You can also use your donor data analytics, along with more intentional relationship-building efforts, to secure mid-size and major gifts during the extended year-end fundraising season. This can help ensure that you’re maximizing your efforts throughout the entire year-end fundraising period, not just on GivingTuesday itself.
4. You can spend time strengthening donor relationships.
Although individualized relationship-building strategies are particularly necessary when securing support from major donors, it’s important to conduct stewardship efforts with all of your nonprofit’s supporters. This approach helps boost your retention rate so you can spend less time and funds soliciting new donors throughout the year and more time planning an incredible GivingTuesday campaign.

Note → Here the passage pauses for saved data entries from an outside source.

(* Let ${\tt l}_1,{\tt l}_2,{\tt r},L,w$ be positive integers. The spatially coupled two edge type LDPC ensemble $\{{\tt l}_1,{\tt l}_2,{\tt r},{\tt r},L,w\}$ (i.e. with both check degrees equal to ${\tt r}$) has the same belief-propagation (BP) threshold for transmission over the binary erasure channel as the (one edge type) spatially coupled ensemble $({\tt l}_1+{\tt l}_2,{\tt r},L,w)$.
   Context: BEC($\epsilon$) denotes the binary erasure channel with erasure probability $\epsilon$. Spatially coupled two edge type ensemble $\{{\tt l}_1,{\tt l}_2,{\tt r}_1,{\tt r}_2,L,w\}$: there are $M$ variable nodes at each position $i\in[-L,L]$ (blocklength $n=M(2L+1)$); every variable node has ${\tt l}_1$ edges of type 1 and ${\tt l}_2$ edges of type 2; edges of type $j$ connect only to check nodes of type $j$, which have degree ${\tt r}_j$, with $\frac{{\tt l}_j}{{\tt r}_j}M$ type-$j$ check nodes per position (check positions range over $[-L,L+w-1]$, check nodes near the boundary having fewer connections). Each of the ${\tt l}_j$ type-$j$ edges of a variable node at position $i$ is connected to a type-$j$ check node at position $i+c$, where the offsets $c\in\{0,\dots,w-1\}$ are assigned so that the empirical distribution of the offset tuples of the variable nodes at each position matches the uniform distribution over $\{0,\dots,w-1\}^{{\tt l}_j}$ (with $M$ chosen to make all counts integers, and a uniformly random permutation mapping the counts to ordered tuples); at each check position, the incoming type-$j$ edge sockets are distributed among the type-$j$ check nodes by a uniformly random permutation. Multiple edges are allowed. The ensemble $({\tt l},{\tt r},L,w)$ is the same construction with a single edge type (each variable node has ${\tt l}$ edges, check nodes have degree ${\tt r}$, $\frac{{\tt l}}{{\tt r}}M$ check nodes per position). The BP threshold of an ensemble (for fixed $L,w$) is the supremum of $\epsilon$ such that, for transmission over BEC($\epsilon$) and iterative (BP) decoding, the expected fraction of erased bits after $\ell$ iterations, in the limit $M\to\infty$ followed by $\ell\to\infty$, equals zero (equivalently, density evolution converges to zero erasure probability at all positions). *)

theory Defs
  imports Complex_Main
begin

text \<open>Variable positions are -L..L; messages from positions outside this range are
known (erasure probability 0), which models the boundary check nodes having
fewer connections.\<close>

definition restr :: "nat \<Rightarrow> (int \<Rightarrow> real) \<Rightarrow> int \<Rightarrow> real" where
  "restr L x i = (if - int L \<le> i \<and> i \<le> int L then x i else 0)"

text \<open>Erasure probability of a check-to-variable message (edge type with check
degree r) arriving at a variable node at position i, given the
variable-to-check erasure probabilities x of that edge type.\<close>
definition chk :: "nat \<Rightarrow> nat \<Rightarrow> nat \<Rightarrow> (int \<Rightarrow> real) \<Rightarrow> int \<Rightarrow> real" where
  "chk L w r x i = (1 / real w) * (\<Sum>a<w. 1 - (1 - (1 / real w) *
      (\<Sum>k<w. restr L x (i + int a - int k))) ^ (r - 1))"

text \<open>One edge type ensemble (l,r,L,w): variable-to-check erasure probabilities.\<close>
primrec de1 :: "nat \<Rightarrow> nat \<Rightarrow> nat \<Rightarrow> nat \<Rightarrow> real \<Rightarrow> nat \<Rightarrow> int \<Rightarrow> real" where
  "de1 l r L w eps 0 = (\<lambda>i. eps)"
| "de1 l r L w eps (Suc n) = (\<lambda>i. eps * chk L w r (de1 l r L w eps n) i ^ (l - 1))"

definition bit1 :: "nat \<Rightarrow> nat \<Rightarrow> nat \<Rightarrow> nat \<Rightarrow> real \<Rightarrow> nat \<Rightarrow> int \<Rightarrow> real" where
  "bit1 l r L w eps n i = eps * chk L w r (de1 l r L w eps n) i ^ l"

definition bp_success1 :: "nat \<Rightarrow> nat \<Rightarrow> nat \<Rightarrow> nat \<Rightarrow> real \<Rightarrow> bool" where
  "bp_success1 l r L w eps \<longleftrightarrow>
     (\<forall>i. - int L \<le> i \<and> i \<le> int L \<longrightarrow> (\<lambda>n. bit1 l r L w eps n i) \<longlonglongrightarrow> 0)"

definition bp_threshold1 :: "nat \<Rightarrow> nat \<Rightarrow> nat \<Rightarrow> nat \<Rightarrow> real" where
  "bp_threshold1 l r L w = Sup {eps. 0 \<le> eps \<and> eps \<le> 1 \<and> bp_success1 l r L w eps}"

text \<open>Two edge type ensemble {l1,l2,r1,r2,L,w}: pair of variable-to-check
erasure probabilities (type 1, type 2).\<close>
primrec de2 :: "nat \<Rightarrow> nat \<Rightarrow> nat \<Rightarrow> nat \<Rightarrow> nat \<Rightarrow> nat \<Rightarrow> real \<Rightarrow> nat
                  \<Rightarrow> (int \<Rightarrow> real) \<times> (int \<Rightarrow> real)" where
  "de2 l1 l2 r1 r2 L w eps 0 = (\<lambda>i. eps, \<lambda>i. eps)"
| "de2 l1 l2 r1 r2 L w eps (Suc n) =
     (let y1 = chk L w r1 (fst (de2 l1 l2 r1 r2 L w eps n));
          y2 = chk L w r2 (snd (de2 l1 l2 r1 r2 L w eps n))
      in (\<lambda>i. eps * y1 i ^ (l1 - 1) * y2 i ^ l2,
          \<lambda>i. eps * y1 i ^ l1 * y2 i ^ (l2 - 1)))"

definition bit2 :: "nat \<Rightarrow> nat \<Rightarrow> nat \<Rightarrow> nat \<Rightarrow> nat \<Rightarrow> nat \<Rightarrow> real \<Rightarrow> nat \<Rightarrow> int \<Rightarrow> real" where
  "bit2 l1 l2 r1 r2 L w eps n i =
     eps * chk L w r1 (fst (de2 l1 l2 r1 r2 L w eps n)) i ^ l1
         * chk L w r2 (snd (de2 l1 l2 r1 r2 L w eps n)) i ^ l2"

definition bp_success2 :: "nat \<Rightarrow> nat \<Rightarrow> nat \<Rightarrow> nat \<Rightarrow> nat \<Rightarrow> nat \<Rightarrow> real \<Rightarrow> bool" where
  "bp_success2 l1 l2 r1 r2 L w eps \<longleftrightarrow>
     (\<forall>i. - int L \<le> i \<and> i \<le> int L \<longrightarrow> (\<lambda>n. bit2 l1 l2 r1 r2 L w eps n i) \<longlonglongrightarrow> 0)"

definition bp_threshold2 :: "nat \<Rightarrow> nat \<Rightarrow> nat \<Rightarrow> nat \<Rightarrow> nat \<Rightarrow> nat \<Rightarrow> real" where
  "bp_threshold2 l1 l2 r1 r2 L w =
     Sup {eps. 0 \<le> eps \<and> eps \<le> 1 \<and> bp_success2 l1 l2 r1 r2 L w eps}"

end

theory Submission
  imports Defs
begin

text \<open>When both check degrees equal r, the two edge types start with the same erasure
probability and are updated by the same check-node map, so by induction they carry identical
messages at every iteration. A variable node then multiplies l1 + l2 equal incoming factors,
which is exactly density evolution of the one edge type ensemble of degree l1 + l2; the
thresholds therefore agree because the sets of successful erasure probabilities coincide.\<close>

lemma power_pred_mult_power:
  fixes y :: "'a::monoid_mult"
  assumes "0 < m"
  shows "y ^ (m - 1) * y ^ n = y ^ (m + n - 1)"
  using assms by (simp flip: power_add)

lemma de2_equal_check_degrees:
  assumes "0 < l1" "0 < l2"
  shows "de2 l1 l2 r r L w eps n = (de1 (l1 + l2) r L w eps n, de1 (l1 + l2) r L w eps n)"
proof (induction n)
  case 0
  show ?case by simp
next
  case (Suc n)
  have "y ^ (l1 - 1) * y ^ l2 = y ^ (l1 + l2 - 1)" for y :: real
    using power_pred_mult_power[OF assms(1)] .
  moreover have "y ^ l1 * y ^ (l2 - 1) = y ^ (l1 + l2 - 1)" for y :: real
    using power_pred_mult_power[OF assms(2), of y l1] by (simp add: mult.commute add.commute)
  ultimately show ?case by (simp add: Suc Let_def mult.assoc)
qed

lemma bit2_equal_check_degrees:
  assumes "0 < l1" "0 < l2"
  shows "bit2 l1 l2 r r L w eps n i = bit1 (l1 + l2) r L w eps n i"
  unfolding bit2_def bit1_def de2_equal_check_degrees[OF assms]
  by (simp add: power_add mult.assoc)

lemma bp_success2_equal_check_degrees:
  assumes "0 < l1" "0 < l2"
  shows "bp_success2 l1 l2 r r L w eps \<longleftrightarrow> bp_success1 (l1 + l2) r L w eps"
  unfolding bp_success2_def bp_success1_def bit2_equal_check_degrees[OF assms] ..

theorem lemma1:
  fixes l1 l2 r L w :: nat
  assumes "0 < l1" "0 < l2" "0 < r" "0 < L" "0 < w"
  shows "bp_threshold2 l1 l2 r r L w = bp_threshold1 (l1 + l2) r L w"
  unfolding bp_threshold2_def bp_threshold1_def
    bp_success2_equal_check_degrees[OF assms(1,2)] ..

end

To get started with your donor stewardship efforts, demonstrate your gratitude and commitment to supporters by:
- Meeting them where they are. Actively build a community by connecting with supporters through their preferred communication channels.
- Creating experiences that fulfill their needs. Listen to your supporters’ needs by sending surveys and polls where they can provide feedback. Be sure to actively incorporate their comments so they know their opinions matter.
- Frequently expressing appreciation. Demonstrate gratitude by not only sending thank-you notes, but also showing supporters how their contributions make a difference with stories and statistics.
While you should focus more personalized attention on your prospective major donors, with activities such as one-on-one phone calls and personal event invitations, the broader concepts of stewardship should apply across the board to all supporters. This will help you create a sustainable community of dedicated supporters ahead of Giving Tuesday. Plus, it will boost retention after the year-end season comes to a close.
Ultimately, there’s no reason to put off your Giving Tuesday planning. The sooner you get started, the better you can strategize around strengthening your support network and spreading the word about your campaign. Giving Tuesday quickly sneaks up on nonprofit professionals each year, but with an effective plan in place, you can make the most of this amazing annual opportunity. Good luck!